The current market condition is not a stable equilibrium -without rate hikes as a circuit breaker, TRY could weaken substantially.

Now that the market has jumped to pricing in significant rate hikes, an under-delivery of rate hikes by CBRT relative to market expectations will most likely precipitate further currency weakness.

We deem the measures the CBRT introduced this week to be insufficient to stabilize the lira in a negative feedback loop scenario taking hold. These measures include allowing exporters to repay export-credit to the CBRT in lira instead of US dollars and releasing $1.4bn of FX liquidity to banks.

The signal from these measures is not strong enough, in our view, and their scope is too limited to convincingly turn around investor sentiment. The weakness in Turkish assets accelerated over the past week. The lira has weakened by around 2% against the US dollar since the start of November, underperforming other EM currencies (refer above chart). The underperformance has been driven in part by a worse-than-expected CPI inflation.

We believe there is a good case to enter fresh bearish positions in both local bonds and the currency at current levels. We have a preference for entering bearish positions in the currency, as the CBRT is likely to only hike rates in response to currency weakness.

Glimpse through options trades:

EURTRY options are simply turbo-charged versions USDTRY since their near-identical implied vol levels do not adjust for wider forward points in EURTRY on account of negative European yields. Even setting aside high implied yields for a moment, there is a vanilla RV case for preferring to own longer-end TRY options over shorter dated ones predicated on the near-extreme flatness of the option surface across both ATM strikes and risk-reversals (refer above chart), which once again is inconsistent with the prevalence of high interest rates.
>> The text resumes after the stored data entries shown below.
(* Let $B\subseteq A$ be commutative unital $\mathbb{R}$-algebras with $A=B[f]$ for some $f\in A$, let $Q\subseteq B$ be an archimedean quadratic module of $B$, and let $Q'\subseteq A$ be a quadratic module of $A$ with $Q\subseteq Q'\cap B$. If either $f$ is integral over $B$, or $N-f^2\in Q'$ for some $N\in\mathbb{N}$, then $Q'$ is archimedean in $A$.
   Context: A quadratic module of a commutative unital $\mathbb{R}$-algebra $C$ is a subset $Q\subseteq C$ with $Q+Q\subseteq Q$, $c^2Q\subseteq Q$ for all $c\in C$, and $1\in Q$. It is archimedean in $C$ if for every $c\in C$ there is an integer $n\ge1$ with $n+c\in Q$. *)

theory Defs
  imports Main "HOL.Real_Vector_Spaces"
begin

text \<open>Commutative unital real algebras are modelled as types of class
  comm_ring_1 and real_algebra_1; subalgebras as subsets.\<close>

definition subalgebra :: "'a::{comm_ring_1,real_algebra_1} set \<Rightarrow> bool" where
  "subalgebra B \<longleftrightarrow> 1 \<in> B \<and> (\<forall>x\<in>B. \<forall>y\<in>B. x + y \<in> B \<and> x * y \<in> B)
     \<and> (\<forall>r::real. \<forall>x\<in>B. r *\<^sub>R x \<in> B)"

definition adjoin :: "'a::{comm_ring_1,real_algebra_1} set \<Rightarrow> 'a \<Rightarrow> 'a set" where
  "adjoin B f = {a. \<exists>n c. (\<forall>i. c i \<in> B) \<and> a = (\<Sum>i\<le>n. c i * f ^ i)}"

definition integral_over :: "'a::comm_ring_1 set \<Rightarrow> 'a \<Rightarrow> bool" where
  "integral_over B f \<longleftrightarrow> (\<exists>n c. (\<forall>i<n. c i \<in> B) \<and> f ^ n + (\<Sum>i<n. c i * f ^ i) = 0)"

definition quadratic_module :: "'a::comm_ring_1 set \<Rightarrow> 'a set \<Rightarrow> bool" where
  "quadratic_module C Q \<longleftrightarrow> Q \<subseteq> C \<and> (\<forall>x\<in>Q. \<forall>y\<in>Q. x + y \<in> Q)
     \<and> (\<forall>c\<in>C. \<forall>q\<in>Q. c\<^sup>2 * q \<in> Q) \<and> 1 \<in> Q"

definition archimedean_in :: "'a::comm_ring_1 set \<Rightarrow> 'a set \<Rightarrow> bool" where
  "archimedean_in C Q \<longleftrightarrow> (\<forall>c\<in>C. \<exists>n::nat. n \<ge> 1 \<and> of_nat n + c \<in> Q)"

end

theory Submission
  imports Defs Complex_Main
begin

text \<open>Order the algebra by \<open>x \<preceq> y \<longleftrightarrow> y - x \<in> Q'\<close>. The elements \<open>a\<close> with \<open>-r \<preceq> a \<preceq> r\<close> for
  some real \<open>r\<close> form a subring \<open>H\<close> (products via \<open>4ab = (a + b)\<^sup>2 - (a - b)\<^sup>2\<close>), and \<open>Q'\<close> is
  archimedean iff \<open>H\<close> is everything. Archimedeanity of \<open>Q \<subseteq> Q'\<close> gives \<open>B \<subseteq> H\<close>, so it
  suffices to show \<open>f \<in> H\<close>. An element lies in \<open>H\<close> as soon as its square is bounded above,
  which settles the case \<open>f\<^sup>2 \<preceq> N\<close>. If \<open>f\<close> satisfies a monic equation of degree \<open>n\<close> over
  \<open>H\<close>, every power of \<open>f\<close> is an \<open>H\<close>-combination of \<open>1, f, \<dots>, f ^ (n - 1)\<close>, so every
  \<open>(f ^ m)\<^sup>2\<close> is bounded by a real multiple of \<open>s = \<Sum>i<n. (f ^ i)\<^sup>2\<close>. In particular
  \<open>s\<^sup>2 = (\<Sum>i<n. \<Sum>j<n. (f ^ (i + j))\<^sup>2) \<preceq> K s\<close>, which forces \<open>s\<close> to be bounded, and then
  \<open>f\<^sup>2 \<preceq> K' s\<close> is bounded as well.\<close>

lemma power_in_span_of_lower_powers:
  fixes f :: "'a::comm_ring_1"
  assumes zero: "0 \<in> R" and one: "1 \<in> R"
    and diff: "\<And>x y. x \<in> R \<Longrightarrow> y \<in> R \<Longrightarrow> x - y \<in> R"
    and mult: "\<And>x y. x \<in> R \<Longrightarrow> y \<in> R \<Longrightarrow> x * y \<in> R"
    and coeffs: "\<forall>i<n. c i \<in> R" and monic: "f ^ n + (\<Sum>i<n. c i * f ^ i) = 0"
  shows "\<exists>d. (\<forall>i<n. d i \<in> R) \<and> f ^ m = (\<Sum>i<n. d i * f ^ i)"
proof (cases n)
  case 0
  then have "(1::'a) = 0" using monic by simp
  then have "f ^ m = 0" by (metis mult_1 mult_zero_left)
  then show ?thesis using \<open>n = 0\<close> by simp
next
  case (Suc k)
  show ?thesis
  proof (induction m)
    case 0
    have "(\<Sum>i<n. (if i = 0 then 1 else 0) * f ^ i) = 1"
      unfolding Suc by (subst sum.lessThan_Suc_shift) simp
    then show ?case using zero one by (intro exI[of _ "\<lambda>i. if i = 0 then 1 else 0"]) simp
  next
    case (Suc m)
    then obtain d where d: "\<forall>i<n. d i \<in> R" "f ^ m = (\<Sum>i<n. d i * f ^ i)" by blast
    define shifted where "shifted i = (if i = 0 then 0 else d (i - 1))" for i
    have "f ^ Suc m = (\<Sum>i<k. d i * f ^ Suc i) + d k * f ^ n"
      using \<open>n = Suc k\<close> by (simp add: d(2) sum_distrib_left algebra_simps)
    also have "(\<Sum>i<k. d i * f ^ Suc i) = (\<Sum>i<n. shifted i * f ^ i)"
      unfolding \<open>n = Suc k\<close> by (subst sum.lessThan_Suc_shift) (simp add: shifted_def)
    also have "f ^ n = - (\<Sum>i<n. c i * f ^ i)"
      using monic by (simp add: eq_neg_iff_add_eq_0)
    finally have "f ^ Suc m = (\<Sum>i<n. (shifted i - d k * c i) * f ^ i)"
      by (simp add: algebra_simps sum_subtractf sum_distrib_left)
    moreover have "shifted i - d k * c i \<in> R" if "i < n" for i
    proof (rule diff)
      show "shifted i \<in> R" using that d(1) zero by (auto simp: shifted_def)
      show "d k * c i \<in> R" by (rule mult) (use that d(1) coeffs \<open>n = Suc k\<close> in auto)
    qed
    ultimately show ?case by (intro exI[of _ "\<lambda>i. shifted i - d k * c i"]) simp
  qed
qed

locale quadratic_module_of_algebra =
  fixes M :: "'a::{comm_ring_1,real_algebra_1} set"
  assumes quadratic_module: "quadratic_module UNIV M"
begin

lemma add_mem: "x \<in> M \<Longrightarrow> y \<in> M \<Longrightarrow> x + y \<in> M"
  using quadratic_module unfolding quadratic_module_def by blast

lemma square_mult_mem: "q \<in> M \<Longrightarrow> c\<^sup>2 * q \<in> M"
  using quadratic_module unfolding quadratic_module_def by blast

lemma one_mem: "1 \<in> M"
  using quadratic_module unfolding quadratic_module_def by blast

lemma square_mem: "c\<^sup>2 \<in> M"
  using square_mult_mem[OF one_mem, of c] by simp

lemma zero_mem: "0 \<in> M"
  using square_mem[of 0] by simp

lemma of_real_mult_mem:
  assumes "r \<ge> 0" "q \<in> M"
  shows "of_real r * q \<in> M"
proof -
  have "of_real r = (of_real (sqrt r) :: 'a)\<^sup>2"
    using assms(1) by (simp flip: of_real_power)
  then show ?thesis using square_mult_mem[OF assms(2)] by metis
qed

lemma of_real_mem: "r \<ge> 0 \<Longrightarrow> of_real r \<in> M"
  using of_real_mult_mem[OF _ one_mem] by simp

lemma sum_mem: "finite I \<Longrightarrow> (\<And>i. i \<in> I \<Longrightarrow> g i \<in> M) \<Longrightarrow> sum g I \<in> M"
  by (induction I rule: finite_induct) (auto intro: add_mem zero_mem)

definition le_M :: "'a \<Rightarrow> 'a \<Rightarrow> bool" (infix "\<preceq>" 50) where
  "x \<preceq> y \<longleftrightarrow> y - x \<in> M"

lemma le_M_refl: "x \<preceq> x"
  by (simp add: le_M_def zero_mem)

lemma le_M_trans [trans]: "x \<preceq> y \<Longrightarrow> y \<preceq> z \<Longrightarrow> x \<preceq> z"
  unfolding le_M_def using add_mem by fastforce

lemma add_le_M_add: "a \<preceq> b \<Longrightarrow> c \<preceq> d \<Longrightarrow> a + c \<preceq> b + d"
  unfolding le_M_def using add_mem by (fastforce simp: algebra_simps)

lemma of_real_mult_le_M: "r \<ge> 0 \<Longrightarrow> a \<preceq> b \<Longrightarrow> of_real r * a \<preceq> of_real r * b"
  unfolding le_M_def using of_real_mult_mem by (fastforce simp: algebra_simps)

lemma le_M_of_real_mult_cancel:
  assumes "r > 0" "of_real r * a \<preceq> of_real r * b"
  shows "a \<preceq> b"
proof -
  have "of_real (inverse r) * (of_real r * x) = x" for x :: 'a
    using assms(1) by (simp flip: mult.assoc of_real_mult)
  then show ?thesis using of_real_mult_le_M[OF _ assms(2), of "inverse r"] assms(1) by simp
qed

lemma of_real_le_M_of_real: "r \<le> s \<Longrightarrow> of_real r \<preceq> of_real s"
  unfolding le_M_def using of_real_mem[of "s - r"] by (simp add: of_real_diff)

definition bounded_above :: "'a \<Rightarrow> bool" where
  "bounded_above a \<longleftrightarrow> (\<exists>r. a \<preceq> of_real r)"

definition bounded_elements :: "'a set" where
  "bounded_elements = {a. bounded_above a \<and> bounded_above (- a)}"

lemma bounded_above_le_M: "a \<preceq> b \<Longrightarrow> bounded_above b \<Longrightarrow> bounded_above a"
  unfolding bounded_above_def using le_M_trans by blast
The dilemma for investors faced with elevated carry adjusted option prices in EM currencies is whether to play offense or defense – monetize the healthy FX implied yield on offer in limited downside format with options (in this case, purchasing ATMF EUR put/TRY calls or ATMF vs. ATMS EUR put/TRY call spreads), or adopt a more cautious approach of buying ATMF straddles where points carry merely serves to subsidize the cost of owning option protection?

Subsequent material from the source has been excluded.